* Supplied material
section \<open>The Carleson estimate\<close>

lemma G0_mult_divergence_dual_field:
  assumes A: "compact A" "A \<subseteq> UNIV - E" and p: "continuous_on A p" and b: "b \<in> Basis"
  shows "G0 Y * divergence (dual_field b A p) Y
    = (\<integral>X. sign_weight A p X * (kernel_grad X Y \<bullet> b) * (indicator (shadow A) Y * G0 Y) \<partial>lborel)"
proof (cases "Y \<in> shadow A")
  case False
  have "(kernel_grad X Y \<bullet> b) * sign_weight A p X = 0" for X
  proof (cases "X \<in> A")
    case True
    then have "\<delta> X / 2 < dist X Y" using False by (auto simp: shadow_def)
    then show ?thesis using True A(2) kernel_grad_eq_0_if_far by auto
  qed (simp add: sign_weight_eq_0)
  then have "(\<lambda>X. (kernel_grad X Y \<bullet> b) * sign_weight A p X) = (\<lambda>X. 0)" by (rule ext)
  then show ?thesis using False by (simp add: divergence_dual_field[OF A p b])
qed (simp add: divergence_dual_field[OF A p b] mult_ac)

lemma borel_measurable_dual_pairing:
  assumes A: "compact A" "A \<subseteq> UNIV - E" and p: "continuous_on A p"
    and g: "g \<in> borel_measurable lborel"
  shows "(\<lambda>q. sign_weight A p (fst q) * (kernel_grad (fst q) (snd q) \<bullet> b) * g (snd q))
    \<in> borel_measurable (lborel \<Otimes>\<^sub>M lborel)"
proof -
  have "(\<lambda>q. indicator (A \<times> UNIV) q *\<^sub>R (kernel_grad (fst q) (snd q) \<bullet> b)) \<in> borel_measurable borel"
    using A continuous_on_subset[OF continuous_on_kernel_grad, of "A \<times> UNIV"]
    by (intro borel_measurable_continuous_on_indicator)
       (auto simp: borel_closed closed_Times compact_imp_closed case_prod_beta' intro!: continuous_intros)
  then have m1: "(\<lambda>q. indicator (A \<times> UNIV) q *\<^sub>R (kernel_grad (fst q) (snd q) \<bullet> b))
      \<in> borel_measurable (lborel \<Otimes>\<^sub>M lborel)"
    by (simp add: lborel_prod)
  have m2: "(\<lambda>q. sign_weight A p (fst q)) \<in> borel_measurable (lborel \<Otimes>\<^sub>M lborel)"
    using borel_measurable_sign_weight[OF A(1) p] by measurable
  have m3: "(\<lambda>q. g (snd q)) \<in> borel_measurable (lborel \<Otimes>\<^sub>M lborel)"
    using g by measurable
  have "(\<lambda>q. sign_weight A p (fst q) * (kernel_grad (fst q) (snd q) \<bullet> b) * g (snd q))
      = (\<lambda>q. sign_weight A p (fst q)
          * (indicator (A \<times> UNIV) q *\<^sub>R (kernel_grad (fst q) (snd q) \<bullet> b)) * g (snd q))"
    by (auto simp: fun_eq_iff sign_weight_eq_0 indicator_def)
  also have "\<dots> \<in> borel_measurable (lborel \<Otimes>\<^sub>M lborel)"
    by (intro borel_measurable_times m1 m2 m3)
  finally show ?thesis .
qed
==
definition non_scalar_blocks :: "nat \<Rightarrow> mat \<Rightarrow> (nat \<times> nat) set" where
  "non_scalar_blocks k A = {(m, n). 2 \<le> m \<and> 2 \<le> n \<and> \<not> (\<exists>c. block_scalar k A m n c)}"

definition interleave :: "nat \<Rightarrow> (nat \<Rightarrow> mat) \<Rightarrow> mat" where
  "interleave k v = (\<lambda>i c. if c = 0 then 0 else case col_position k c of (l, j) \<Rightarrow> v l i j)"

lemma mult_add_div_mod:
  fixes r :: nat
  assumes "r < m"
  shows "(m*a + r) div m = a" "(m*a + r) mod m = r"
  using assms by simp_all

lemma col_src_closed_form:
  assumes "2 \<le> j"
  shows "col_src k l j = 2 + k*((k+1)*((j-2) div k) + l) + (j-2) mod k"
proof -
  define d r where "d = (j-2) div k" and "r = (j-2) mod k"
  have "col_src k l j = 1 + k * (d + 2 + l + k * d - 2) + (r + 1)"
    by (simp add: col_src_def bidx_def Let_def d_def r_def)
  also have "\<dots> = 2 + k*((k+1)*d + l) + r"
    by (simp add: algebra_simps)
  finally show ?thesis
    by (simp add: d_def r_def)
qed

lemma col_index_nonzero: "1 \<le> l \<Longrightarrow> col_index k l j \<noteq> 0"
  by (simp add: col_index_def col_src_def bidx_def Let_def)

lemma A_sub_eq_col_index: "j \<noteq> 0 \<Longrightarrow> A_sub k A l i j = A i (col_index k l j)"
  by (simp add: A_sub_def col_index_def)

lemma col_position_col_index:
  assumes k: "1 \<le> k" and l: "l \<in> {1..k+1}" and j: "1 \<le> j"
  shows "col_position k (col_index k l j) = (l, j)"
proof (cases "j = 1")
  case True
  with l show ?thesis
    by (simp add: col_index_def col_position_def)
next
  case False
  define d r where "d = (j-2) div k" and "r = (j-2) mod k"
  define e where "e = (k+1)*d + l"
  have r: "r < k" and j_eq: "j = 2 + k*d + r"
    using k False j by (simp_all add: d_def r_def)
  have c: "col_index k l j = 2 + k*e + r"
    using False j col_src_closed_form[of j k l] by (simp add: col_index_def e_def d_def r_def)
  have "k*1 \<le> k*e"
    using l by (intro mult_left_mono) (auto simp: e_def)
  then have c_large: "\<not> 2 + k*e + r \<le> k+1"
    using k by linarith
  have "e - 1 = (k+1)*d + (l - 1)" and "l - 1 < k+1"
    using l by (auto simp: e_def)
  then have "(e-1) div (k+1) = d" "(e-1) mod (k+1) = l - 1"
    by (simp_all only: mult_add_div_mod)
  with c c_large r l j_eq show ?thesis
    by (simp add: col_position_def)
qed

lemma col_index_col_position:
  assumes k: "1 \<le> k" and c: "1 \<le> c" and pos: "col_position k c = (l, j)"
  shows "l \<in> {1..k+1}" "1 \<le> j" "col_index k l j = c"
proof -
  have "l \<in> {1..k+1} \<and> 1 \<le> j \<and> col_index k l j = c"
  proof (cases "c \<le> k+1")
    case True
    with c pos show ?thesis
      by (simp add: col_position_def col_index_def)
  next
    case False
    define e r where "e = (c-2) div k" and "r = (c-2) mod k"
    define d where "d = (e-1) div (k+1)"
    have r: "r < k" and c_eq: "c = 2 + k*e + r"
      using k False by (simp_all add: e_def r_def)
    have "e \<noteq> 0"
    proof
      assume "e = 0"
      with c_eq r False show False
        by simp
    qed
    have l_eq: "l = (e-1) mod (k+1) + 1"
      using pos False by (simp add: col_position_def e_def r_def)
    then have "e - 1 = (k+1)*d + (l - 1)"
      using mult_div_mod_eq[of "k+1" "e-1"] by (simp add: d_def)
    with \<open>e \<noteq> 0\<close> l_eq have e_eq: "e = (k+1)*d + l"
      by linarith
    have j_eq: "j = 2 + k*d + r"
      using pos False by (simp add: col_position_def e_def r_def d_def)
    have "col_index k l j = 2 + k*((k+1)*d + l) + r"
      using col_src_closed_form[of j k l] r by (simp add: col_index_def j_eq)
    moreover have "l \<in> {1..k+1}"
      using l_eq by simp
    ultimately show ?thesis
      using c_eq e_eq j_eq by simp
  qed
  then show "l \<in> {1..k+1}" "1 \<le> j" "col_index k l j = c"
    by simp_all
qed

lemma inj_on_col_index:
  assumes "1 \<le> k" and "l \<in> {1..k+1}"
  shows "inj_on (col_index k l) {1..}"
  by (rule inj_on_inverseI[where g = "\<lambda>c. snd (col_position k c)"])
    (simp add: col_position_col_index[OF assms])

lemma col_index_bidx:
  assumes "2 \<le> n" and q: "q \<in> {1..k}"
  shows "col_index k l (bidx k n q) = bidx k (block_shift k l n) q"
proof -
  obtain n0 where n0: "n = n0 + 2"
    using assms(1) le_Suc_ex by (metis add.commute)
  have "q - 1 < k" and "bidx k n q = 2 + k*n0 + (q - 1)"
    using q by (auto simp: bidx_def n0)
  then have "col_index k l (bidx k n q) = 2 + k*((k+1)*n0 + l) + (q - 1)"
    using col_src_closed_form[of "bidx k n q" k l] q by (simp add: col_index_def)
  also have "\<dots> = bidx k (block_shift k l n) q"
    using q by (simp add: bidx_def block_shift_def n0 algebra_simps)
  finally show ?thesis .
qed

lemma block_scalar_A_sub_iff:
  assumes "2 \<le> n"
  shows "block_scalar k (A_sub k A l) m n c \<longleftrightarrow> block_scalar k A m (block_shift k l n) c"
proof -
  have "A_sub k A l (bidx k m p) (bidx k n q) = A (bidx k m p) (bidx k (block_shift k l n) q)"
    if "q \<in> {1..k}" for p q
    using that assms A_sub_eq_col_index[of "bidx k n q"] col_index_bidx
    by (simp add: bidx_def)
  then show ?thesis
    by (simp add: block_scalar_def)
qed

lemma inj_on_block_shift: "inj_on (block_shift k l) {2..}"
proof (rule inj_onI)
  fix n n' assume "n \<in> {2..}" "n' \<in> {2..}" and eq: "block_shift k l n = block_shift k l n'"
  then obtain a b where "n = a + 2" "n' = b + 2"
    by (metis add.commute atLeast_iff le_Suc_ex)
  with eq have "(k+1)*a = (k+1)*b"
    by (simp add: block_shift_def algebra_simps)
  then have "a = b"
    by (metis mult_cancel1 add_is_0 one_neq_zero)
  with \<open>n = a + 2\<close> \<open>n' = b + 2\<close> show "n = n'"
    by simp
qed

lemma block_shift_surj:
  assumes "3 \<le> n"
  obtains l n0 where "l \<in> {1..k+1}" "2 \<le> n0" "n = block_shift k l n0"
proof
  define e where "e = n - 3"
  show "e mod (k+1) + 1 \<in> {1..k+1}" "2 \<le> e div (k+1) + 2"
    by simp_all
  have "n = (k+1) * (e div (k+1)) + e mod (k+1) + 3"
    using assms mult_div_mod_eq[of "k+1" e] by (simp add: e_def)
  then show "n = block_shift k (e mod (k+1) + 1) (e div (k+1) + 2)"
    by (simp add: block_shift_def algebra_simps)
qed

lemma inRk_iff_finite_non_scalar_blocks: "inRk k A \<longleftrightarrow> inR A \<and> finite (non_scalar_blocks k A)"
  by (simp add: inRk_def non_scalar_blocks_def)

* Task description
Note each line of the entries that has "auto" in it, and copy those lines.

* Result of this task
    then have "\<delta> X / 2 < dist X Y" using False by (auto simp: shadow_def)
    then show ?thesis using True A(2) kernel_grad_eq_0_if_far by auto
       (auto simp: borel_closed closed_Times compact_imp_closed case_prod_beta' intro!: continuous_intros)
    by (auto simp: fun_eq_iff sign_weight_eq_0 indicator_def)
    using l by (intro mult_left_mono) (auto simp: e_def)
    using l by (auto simp: e_def)
    using q by (auto simp: bidx_def n0)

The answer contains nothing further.